Problem statement: Restate word for word the entries below, starting with the line with "by (simp add: algebra_simps" and continuing through the line with "(insert_at p x u j))". Include both of those lines and no others.

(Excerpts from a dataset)
::::::::::
(* Let $C=L_1;\ldots;L_d$ be a sorting network of depth $d\ge2$ on $n$ channels containing no redundant comparators. Then every comparator $(i,j)\in L_{d-1}$ satisfies $j-i\le3$. Furthermore, if $j=i+2$ then $(i,i+1)\in L_d$ or $(i+1,i+2)\in L_d$; and if $j=i+3$ then both $(i,i+1)\in L_d$ and $(i+2,i+3)\in L_d$.
   Context: Channels are numbered $1,\ldots,n$. A comparator network of depth $d$ is a sequence $C=L_1;\ldots;L_d$ of layers; each layer is a set of comparators $(i,j)$ with $1\le i<j\le n$, each channel occurring in at most one comparator of a layer. An input $\bar x\in\{0,1\}^n$ propagates: $\bar x_0=\bar x$, and $\bar x_k$ is obtained from $\bar x_{k-1}$ by, for each $(i,j)\in L_k$, putting the minimum of the values at positions $i,j$ at position $i$ and the maximum at position $j$. The output is $C(\bar x)=\bar x_d$; $C$ is a sorting network if $C(\bar x)$ is sorted non-decreasingly for all $\bar x\in\{0,1\}^n$. A comparator $(i,j)\in L_\ell$ is redundant if for every input $\bar x$ we have $(\bar x_{\ell-1})_i\le(\bar x_{\ell-1})_j$. *)

theory Defs
  imports Main
begin

(* A comparator is a pair (i,j); a layer is a set of comparators;
   a network is a list of layers L_1 ... L_d (list index k-1 holds L_k).
   Inputs are functions from channels to values; a 0/1 input on n channels
   is a function x with x k \<in> {0,1} for k \<in> {1..n} (other positions are
   irrelevant and never touched). *)

type_synonym layer = "(nat \<times> nat) set"
type_synonym network = "layer list"

definition layer_ok :: "nat \<Rightarrow> layer \<Rightarrow> bool" where
  "layer_ok n L \<longleftrightarrow> finite L \<and>
     (\<forall>(i,j)\<in>L. 1 \<le> i \<and> i < j \<and> j \<le> n) \<and>
     (\<forall>c\<in>L. \<forall>c'\<in>L. c \<noteq> c' \<longrightarrow>
        {fst c, snd c} \<inter> {fst c', snd c'} = {})"

definition network_ok :: "nat \<Rightarrow> network \<Rightarrow> bool" where
  "network_ok n C \<longleftrightarrow> (\<forall>L\<in>set C. layer_ok n L)"

definition apply_layer :: "layer \<Rightarrow> (nat \<Rightarrow> nat) \<Rightarrow> (nat \<Rightarrow> nat)" where
  "apply_layer L x = (\<lambda>k.
     if \<exists>j. (k,j) \<in> L then min (x k) (x (THE j. (k,j) \<in> L))
     else if \<exists>i. (i,k) \<in> L then max (x k) (x (THE i. (i,k) \<in> L))
     else x k)"

definition run :: "network \<Rightarrow> nat \<Rightarrow> (nat \<Rightarrow> nat) \<Rightarrow> (nat \<Rightarrow> nat)" where
  "run C k x = fold apply_layer (take k C) x"

definition binary_input :: "nat \<Rightarrow> (nat \<Rightarrow> nat) \<Rightarrow> bool" where
  "binary_input n x \<longleftrightarrow> (\<forall>k\<in>{1..n}. x k \<in> {0,1})"

definition sorting_network :: "nat \<Rightarrow> network \<Rightarrow> bool" where
  "sorting_network n C \<longleftrightarrow> network_ok n C \<and>
     (\<forall>x. binary_input n x \<longrightarrow>
        (\<forall>i j. 1 \<le> i \<longrightarrow> i \<le> j \<longrightarrow> j \<le> n \<longrightarrow>
           run C (length C) x i \<le> run C (length C) x j))"

definition redundant :: "nat \<Rightarrow> network \<Rightarrow> nat \<Rightarrow> nat \<times> nat \<Rightarrow> bool" where
  "redundant n C l c \<longleftrightarrow> (\<forall>x. binary_input n x \<longrightarrow>
      run C (l - 1) x (fst c) \<le> run C (l - 1) x (snd c))"

definition no_redundant :: "nat \<Rightarrow> network \<Rightarrow> bool" where
  "no_redundant n C \<longleftrightarrow>
     (\<forall>l\<in>{1..length C}. \<forall>c\<in>C ! (l - 1). \<not> redundant n C l c)"

end

theory Submission
  imports Defs
begin

text \<open>
  Take a non-redundant comparator \<open>(i, j)\<close> of some layer and two output channels \<open>p\<close>, \<open>q\<close>
  such that the final value at \<open>p\<close> dominates the value at \<open>i\<close> right after that layer, and the
  final value at \<open>q\<close> is dominated by the value at \<open>j\<close>. Non-redundancy gives a 0/1 input on
  which the comparator sees 1 at \<open>i\<close> and 0 at \<open>j\<close>. Changing the input one bit at a time towards
  the sorted input with \<open>p + 1\<close> zeros, this inversion survives every step: by monotonicity only
  one of the two values can change, and if it did, the comparator would send 1 to \<open>i\<close> (hence
  to \<open>p\<close>) while at least \<open>p\<close> zeros remain, or 0 to \<open>j\<close> (hence to \<open>q\<close>) while at most \<open>p + 1\<close>
  zeros remain. A sorted input passes unchanged, so \<open>q \<le> p + 1\<close>.

  Applied to the last layer this shows all its comparators join adjacent channels. Applied to
  the penultimate layer with \<open>p\<close>, \<open>q\<close> the channels to which the last layer moves \<open>i\<close> upwards
  and \<open>j\<close> downwards it gives \<open>j - i \<le> 1 + [i moves] + [j moves]\<close>.
\<close>

definition zero_count :: "nat \<Rightarrow> (nat \<Rightarrow> nat) \<Rightarrow> nat" where
  "zero_count n x = card {k\<in>{1..n}. x k = 0}"

definition sorted_on :: "nat \<Rightarrow> (nat \<Rightarrow> nat) \<Rightarrow> bool" where
  "sorted_on n x \<longleftrightarrow> (\<forall>p q. 1 \<le> p \<longrightarrow> p \<le> q \<longrightarrow> q \<le> n \<longrightarrow> x p \<le> x q)"

lemma layer_ok_comparator_channels:
  "layer_ok n L \<Longrightarrow> (i, j) \<in> L \<Longrightarrow> 1 \<le> i \<and> i < j \<and> j \<le> n"
  unfolding layer_ok_def by auto

lemma network_ok_nth: "network_ok n C \<Longrightarrow> k < length C \<Longrightarrow> layer_ok n (C ! k)"
  unfolding network_ok_def by simp

lemma sorting_network_network_ok: "sorting_network n C \<Longrightarrow> network_ok n C"
  by (simp add: sorting_network_def)

lemma layer_ok_min_end_unique:
  assumes "layer_ok n L" "(k, j) \<in> L" "(k, j') \<in> L" shows "j' = j"
  using assms unfolding layer_ok_def by fastforce

lemma layer_ok_max_end_unique:
  assumes "layer_ok n L" "(i, k) \<in> L" "(i', k) \<in> L" shows "i' = i"
  using assms unfolding layer_ok_def by fastforce

lemma layer_ok_not_min_and_max_end:
  assumes "layer_ok n L" "(i, k) \<in> L" "(k, j) \<in> L" shows False
proof -
  have "(i, k) \<noteq> (k, j)" using assms(1,2) layer_ok_comparator_channels by fastforce
  with assms show False unfolding layer_ok_def by fastforce
qed

lemma apply_layer_min_end:
  assumes "layer_ok n L" "(k, j) \<in> L"
  shows "apply_layer L x k = min (x k) (x j)"
proof -
  have "(THE j'. (k, j') \<in> L) = j"
    using assms by (auto intro: the_equality layer_ok_min_end_unique)
  then show ?thesis using assms(2) by (auto simp: apply_layer_def)
qed

lemma apply_layer_max_end:
  assumes "layer_ok n L" "(i, k) \<in> L"
  shows "apply_layer L x k = max (x k) (x i)"
proof -
  have "(THE i'. (i', k) \<in> L) = i"
    using assms by (auto intro: the_equality layer_ok_max_end_unique)
  moreover have "\<not> (\<exists>j. (k, j) \<in> L)" using assms layer_ok_not_min_and_max_end by blast
  ultimately show ?thesis using assms(2) by (auto simp: apply_layer_def)
qed

lemma apply_layer_untouched:
  "\<not> (\<exists>j. (k, j) \<in> L) \<Longrightarrow> \<not> (\<exists>i. (i, k) \<in> L) \<Longrightarrow> apply_layer L x k = x k"
  by (simp add: apply_layer_def)

lemma apply_layer_ge_if_not_min_end:
  assumes "layer_ok n L" "\<not> (\<exists>j. (k, j) \<in> L)"
  shows "x k \<le> apply_layer L x k"
proof (cases "\<exists>i. (i, k) \<in> L")
  case True
  then obtain i where "(i, k) \<in> L" by blast
  then show ?thesis using apply_layer_max_end[OF assms(1)] by simp
qed (use assms apply_layer_untouched in auto)

lemma apply_layer_le_if_not_max_end:
  assumes "layer_ok n L" "\<not> (\<exists>i. (i, k) \<in> L)"
  shows "apply_layer L x k \<le> x k"
proof (cases "\<exists>j. (k, j) \<in> L")
  case True
  then obtain j where "(k, j) \<in> L" by blast
  then show ?thesis using apply_layer_min_end[OF assms(1)] by simp
qed (use assms apply_layer_untouched in auto)
locale fourier_mode =
  fixes b \<rho> k r :: real
  assumes rho_pos: "0 < \<rho>" and rho_less: "\<rho> < b" and r_pos: "0 < r" and k_le: "\<bar>k\<bar> \<le> r"
begin

lemma b_pos: "0 < b"
  using rho_pos rho_less by simp

definition rate :: real
  where "rate = sqrt (\<rho> * b * r\<^sup>2 - (\<rho> * k)\<^sup>2)"

lemma radicand_ge: "\<rho> * (b - \<rho>) * r\<^sup>2 \<le> \<rho> * b * r\<^sup>2 - (\<rho> * k)\<^sup>2"
proof -
  have "k\<^sup>2 \<le> r\<^sup>2"
    using k_le r_pos abs_le_square_iff[of k r] by simp
  then have "\<rho>\<^sup>2 * k\<^sup>2 \<le> \<rho>\<^sup>2 * r\<^sup>2"
    by (simp add: mult_left_mono)
  then show ?thesis
    by (simp add: algebra_simps power2_eq_square)
qed

lemma rate_ge: "decay_rate b \<rho> * r \<le> rate"
proof -
  have "decay_rate b \<rho> * r = sqrt (\<rho> * (b - \<rho>) * r\<^sup>2)"
    using r_pos by (simp add: decay_rate_def real_sqrt_mult)
  also have "\<dots> \<le> rate"
    unfolding rate_def using radicand_ge by (rule real_sqrt_le_mono)
  finally show ?thesis .
qed

lemma rate_pos: "0 < rate"
  using mult_pos_pos[OF decay_rate_pos[OF rho_pos rho_less] r_pos] rate_ge by linarith

lemma rate_squared: "rate\<^sup>2 = \<rho> * b * r\<^sup>2 - (\<rho> * k)\<^sup>2"
proof -
  have "0 \<le> \<rho> * (b - \<rho>) * r\<^sup>2"
    using rho_pos rho_less by simp
  then show ?thesis
    unfolding rate_def using radicand_ge by simp
qed

definition \<omega> :: complex
  where "\<omega> = Complex rate (\<rho> * k)"

lemma norm_omega: "cmod \<omega> = sqrt (\<rho> * b) * r"
proof -
  have "rate\<^sup>2 + (\<rho> * k)\<^sup>2 = \<rho> * b * r\<^sup>2"
    using rate_squared by simp
  then show ?thesis
    using r_pos by (simp add: \<omega>_def cmod_def real_sqrt_mult)
qed
lemma prod_index_pairs_insert_at:
  assumes p: "p \<in> {1..Suc n}"
  shows "(\<Prod>(i, j) \<in> index_pairs (Suc n). g (insert_at p x u i) (insert_at p x u j))
       = (\<Prod>i=1..<p. g (u i) x) * (\<Prod>j=p..n. g x (u j)) * (\<Prod>(i, j) \<in> index_pairs n. g (u i) (u j))"
proof -
  let ?h = "\<lambda>(i, j). g (insert_at p x u i) (insert_at p x u j)"
  have disjoint: "(\<lambda>i. (i, p)) ` {1..<p} \<inter> (\<lambda>j. (p, Suc j)) ` {p..n} = {}"
    "((\<lambda>i. (i, p)) ` {1..<p} \<union> (\<lambda>j. (p, Suc j)) ` {p..n})
       \<inter> map_prod (shift_from p) (shift_from p) ` index_pairs n = {}"
    by (auto simp: shift_from_def split: if_splits)
  have "prod ?h ((\<lambda>i. (i, p)) ` {1..<p}) = (\<Prod>i=1..<p. g (u i) x)"
    by (subst prod.reindex) (auto simp: inj_on_def insert_at_def)
  moreover have "prod ?h ((\<lambda>j. (p, Suc j)) ` {p..n}) = (\<Prod>j=p..n. g x (u j))"
    by (subst prod.reindex) (auto simp: inj_on_def insert_at_def intro!: prod.cong)
  moreover have "prod ?h (map_prod (shift_from p) (shift_from p) ` index_pairs n)
      = (\<Prod>(i, j) \<in> index_pairs n. g (u i) (u j))"
    by (subst prod.reindex) (auto simp: inj_on_def inj_shift_from[THEN injD] intro!: prod.cong)
  ultimately show ?thesis
    unfolding index_pairs_Suc_shift_from[OF p] using disjoint
    by (simp add: prod.union_disjoint)
qed

definition pair_factor :: "real \<Rightarrow> complex \<Rightarrow> complex \<Rightarrow> complex" where
  "pair_factor q a b = (a - of_real q * b) / (a - b) * ((1 - a * b) / (1 - of_real q * a * b))"

lemma Fterm_eq:
  "Fterm q \<alpha> M y n u
     = (\<Prod>(i, j) \<in> index_pairs n. pair_factor q (u i) (u j)) * (\<Prod>i=1..M. phi q \<alpha> (y i) (u i))"
  by (simp add: Fterm_def index_pairs_def pair_factor_def)

section \<open>Limits as a letter tends to zero or infinity\<close>

lemma tendsto_at_infinity_reciprocal:
  fixes f g :: "'a::real_normed_field \<Rightarrow> 'a"
  assumes "\<And>u. u \<noteq> 0 \<Longrightarrow> f (1 / u) = g u" and "isCont g 0"
  shows "(f \<longlongrightarrow> g 0) at_infinity"
proof (rule lim_zero_infinity)
  have "\<forall>\<^sub>F u in at 0. g u = f (1 / u)"
    using assms(1) by (simp add: eventually_at_filter)
  then show "((\<lambda>u. f (1 / u)) \<longlongrightarrow> g 0) (at 0)"
    using assms(2) unfolding isCont_def by (rule Lim_transform_eventually[rotated])
qed

lemma filterlim_reciprocal_scaled_at_infinity:
  fixes c :: "'a::real_normed_field"
  assumes "c \<noteq> 0"
  shows "filterlim (\<lambda>z. 1 / (c * z)) at_infinity (at 0)"
proof -
  have "filterlim (\<lambda>z. c * z) (at 0) (at 0)"
    using assms by (auto simp: filterlim_at eventually_at_filter intro!: tendsto_eq_intros)
  then show ?thesis
    by (simp add: filterlim_inverse_at_iff[symmetric] inverse_eq_divide)
qed

lemma pair_factor_tendsto_0_right:
  assumes "a \<noteq> 0"
  shows "(pair_factor q a \<longlongrightarrow> 1) (at 0)"
proof -
  have "(pair_factor q a \<longlongrightarrow> pair_factor q a 0) (at 0)"
    unfolding pair_factor_def using assms by (intro tendsto_intros) auto
  then show ?thesis
    using assms by (simp add: pair_factor_def)
qed
lemma killing_offblock_intertwining:
  fixes g T L :: "real^'n^'n" and dg dT :: "'n \<Rightarrow> 'n \<Rightarrow> 'n \<Rightarrow> real"
  assumes killing: "\<And>i k j. (\<Sum>s\<in>UNIV. g $ i $ s * dT s k j + g $ k $ s * dT s i j + g $ j $ s * dT s i k)
      = (\<Sum>l\<in>UNIV. T $ l $ j * dg l k i + T $ l $ k * dg l j i + T $ i $ l * dg l j k)"
    and g_sym: "transpose g = g" and g_nondeg: "det g \<noteq> 0"
    and T_def: "\<And>i j. T $ i $ j = (\<Sum>k\<in>UNIV. L $ j $ k * g $ k $ i)"
    and g_block: "\<And>i j. (i \<in> I \<longleftrightarrow> j \<notin> I) \<Longrightarrow> g $ i $ j = 0"
    and dg_block: "\<And>l i j. (i \<in> I \<longleftrightarrow> j \<notin> I) \<Longrightarrow> dg l i j = 0"
    and dT_block: "\<And>l i j. (i \<in> I \<longleftrightarrow> j \<notin> I) \<Longrightarrow> dT l i j = 0"
    and dT_offblock: "\<And>s a b. s \<notin> I \<Longrightarrow> b \<in> I \<Longrightarrow> dT s a b = (\<Sum>k\<in>UNIV. L $ b $ k * dg s k a)"
    and ab: "a \<in> I" "b \<in> I" and s: "s \<notin> I"
  shows "(\<Sum>k\<in>UNIV. L $ b $ k * dg s k a) = (\<Sum>l\<in>UNIV. L $ l $ s * dg l b a)"
proof -
  define W where "W = (\<chi> t. if t \<in> I then 0
    else (\<Sum>k\<in>UNIV. L $ b $ k * dg t k a) - (\<Sum>l\<in>UNIV. L $ l $ t * dg l b a))"
  have g_W: "(g *v W) $ r = 0" for r
  proof (cases "r \<in> I")
    case True
    then show ?thesis
      unfolding matrix_vector_mult_def W_def by (auto intro!: sum.neutral simp: g_block)
  next
    case False
    \<comment> \<open>In the Killing equation at \<open>(r, a, b)\<close> the block structure kills all terms but two.\<close>
    have "(\<Sum>t\<in>UNIV. g $ r $ t * dT t a b) = (\<Sum>l\<in>UNIV. T $ r $ l * dg l b a)"
      using killing[of r a b] False ab by (simp add: dT_block dg_block)
    also have "\<dots> = (\<Sum>t\<in>UNIV. g $ r $ t * (\<Sum>l\<in>UNIV. L $ l $ t * dg l b a))"
    proof -
      have "g $ r $ t = g $ t $ r" for t
        using g_sym by (rule symmetric_matrix_entry)
      then show ?thesis
        unfolding T_def sum_distrib_left sum_distrib_right
        by (subst sum.swap) (simp add: mult_ac)
    qed
    finally have "(\<Sum>t\<in>UNIV. g $ r $ t * (dT t a b - (\<Sum>l\<in>UNIV. L $ l $ t * dg l b a))) = 0"
      by (simp add: right_diff_distrib sum_subtractf)
    moreover have W_term: "g $ r $ t * W $ t = g $ r $ t * (dT t a b - (\<Sum>l\<in>UNIV. L $ l $ t * dg l b a))" for t
      using False ab by (cases "t \<in> I") (simp_all add: W_def g_block dT_offblock)
    ultimately show ?thesis by (simp only: matrix_vector_mult_def vec_lambda_beta W_term)
  qed
  have "inj ((*v) g)"
    using g_nondeg invertible_det_nz inj_matrix_vector_mult by blast
  moreover have "g *v W = g *v 0"
    using g_W by (simp add: vec_eq_iff)
  ultimately have "W = 0" by (rule injD)
  then have "W $ s = 0" by simp
  then show ?thesis using s by (simp add: W_def)
qed

lemma partial_gt_offblock:
  assumes U_open: "open U" and x: "x \<in> U"
    and L_smooth: "smooth_field U L" and g_smooth: "smooth_field U g"
    and gt_def: "\<forall>y\<in>U. \<forall>i j. gt y $ i $ j = (\<Sum>k\<in>UNIV. L y $ j $ k * g y $ k $ i)"
    and L_block: "\<forall>y\<in>U. \<forall>i j. (i \<in> I \<longleftrightarrow> j \<notin> I) \<longrightarrow> L y $ i $ j = 0"
    and A_I: "\<forall>y\<in>U. \<forall>i\<in>I. \<forall>j\<in>I. \<forall>s. s \<notin> I \<longrightarrow> partial (\<lambda>y. L y $ i $ j) s y = 0"
    and "s \<notin> I" "b \<in> I"
  shows "partial (\<lambda>y. gt y $ a $ b) s x = (\<Sum>k\<in>UNIV. L x $ b $ k * partial (\<lambda>y. g y $ k $ a) s x)"
proof -
  have dL: "partial (\<lambda>y. L y $ b $ k) s x = 0" for k
  proof (cases "k \<in> I")
    case True then show ?thesis using A_I x assms(8,9) by blast
  next
    case False then show ?thesis
      by (intro partial_eq_0_open[OF U_open x]) (use L_block assms(9) in auto)
  qed
  have "has_partial_derivative (\<lambda>y. \<Sum>k\<in>UNIV. L y $ b $ k * g y $ k $ a) s x
      (\<Sum>k\<in>UNIV. partial (\<lambda>y. L y $ b $ k) s x * g x $ k $ a + L x $ b $ k * partial (\<lambda>y. g y $ k $ a) s x)"
    using smooth_field_partially_differentiable[OF U_open x] L_smooth g_smooth
    by (intro has_partial_derivative_sum_mult) (simp_all add: partially_differentiable_iff)
  then have "has_partial_derivative (\<lambda>y. \<Sum>k\<in>UNIV. L y $ b $ k * g y $ k $ a) s x
      (\<Sum>k\<in>UNIV. L x $ b $ k * partial (\<lambda>y. g y $ k $ a) s x)"
    by (simp add: dL)
  then have "has_partial_derivative (\<lambda>y. gt y $ a $ b) s x
      (\<Sum>k\<in>UNIV. L x $ b $ k * partial (\<lambda>y. g y $ k $ a) s x)"
    by (rule has_partial_derivative_transform_open[OF U_open x, rotated]) (simp add: gt_def)
  then show ?thesis by (rule has_partial_derivative_imp_partial)
qed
::::::::::
Result below:
    by (simp add: algebra_simps power2_eq_square)
qed

lemma rate_ge: "decay_rate b \<rho> * r \<le> rate"
proof -
  have "decay_rate b \<rho> * r = sqrt (\<rho> * (b - \<rho>) * r\<^sup>2)"
    using r_pos by (simp add: decay_rate_def real_sqrt_mult)
  also have "\<dots> \<le> rate"
    unfolding rate_def using radicand_ge by (rule real_sqrt_le_mono)
  finally show ?thesis .
qed

lemma rate_pos: "0 < rate"
  using mult_pos_pos[OF decay_rate_pos[OF rho_pos rho_less] r_pos] rate_ge by linarith

lemma rate_squared: "rate\<^sup>2 = \<rho> * b * r\<^sup>2 - (\<rho> * k)\<^sup>2"
proof -
  have "0 \<le> \<rho> * (b - \<rho>) * r\<^sup>2"
    using rho_pos rho_less by simp
  then show ?thesis
    unfolding rate_def using radicand_ge by simp
qed

definition \<omega> :: complex
  where "\<omega> = Complex rate (\<rho> * k)"

lemma norm_omega: "cmod \<omega> = sqrt (\<rho> * b) * r"
proof -
  have "rate\<^sup>2 + (\<rho> * k)\<^sup>2 = \<rho> * b * r\<^sup>2"
    using rate_squared by simp
  then show ?thesis
    using r_pos by (simp add: \<omega>_def cmod_def real_sqrt_mult)
qed
lemma prod_index_pairs_insert_at:
  assumes p: "p \<in> {1..Suc n}"
  shows "(\<Prod>(i, j) \<in> index_pairs (Suc n). g (insert_at p x u i) (insert_at p x u j))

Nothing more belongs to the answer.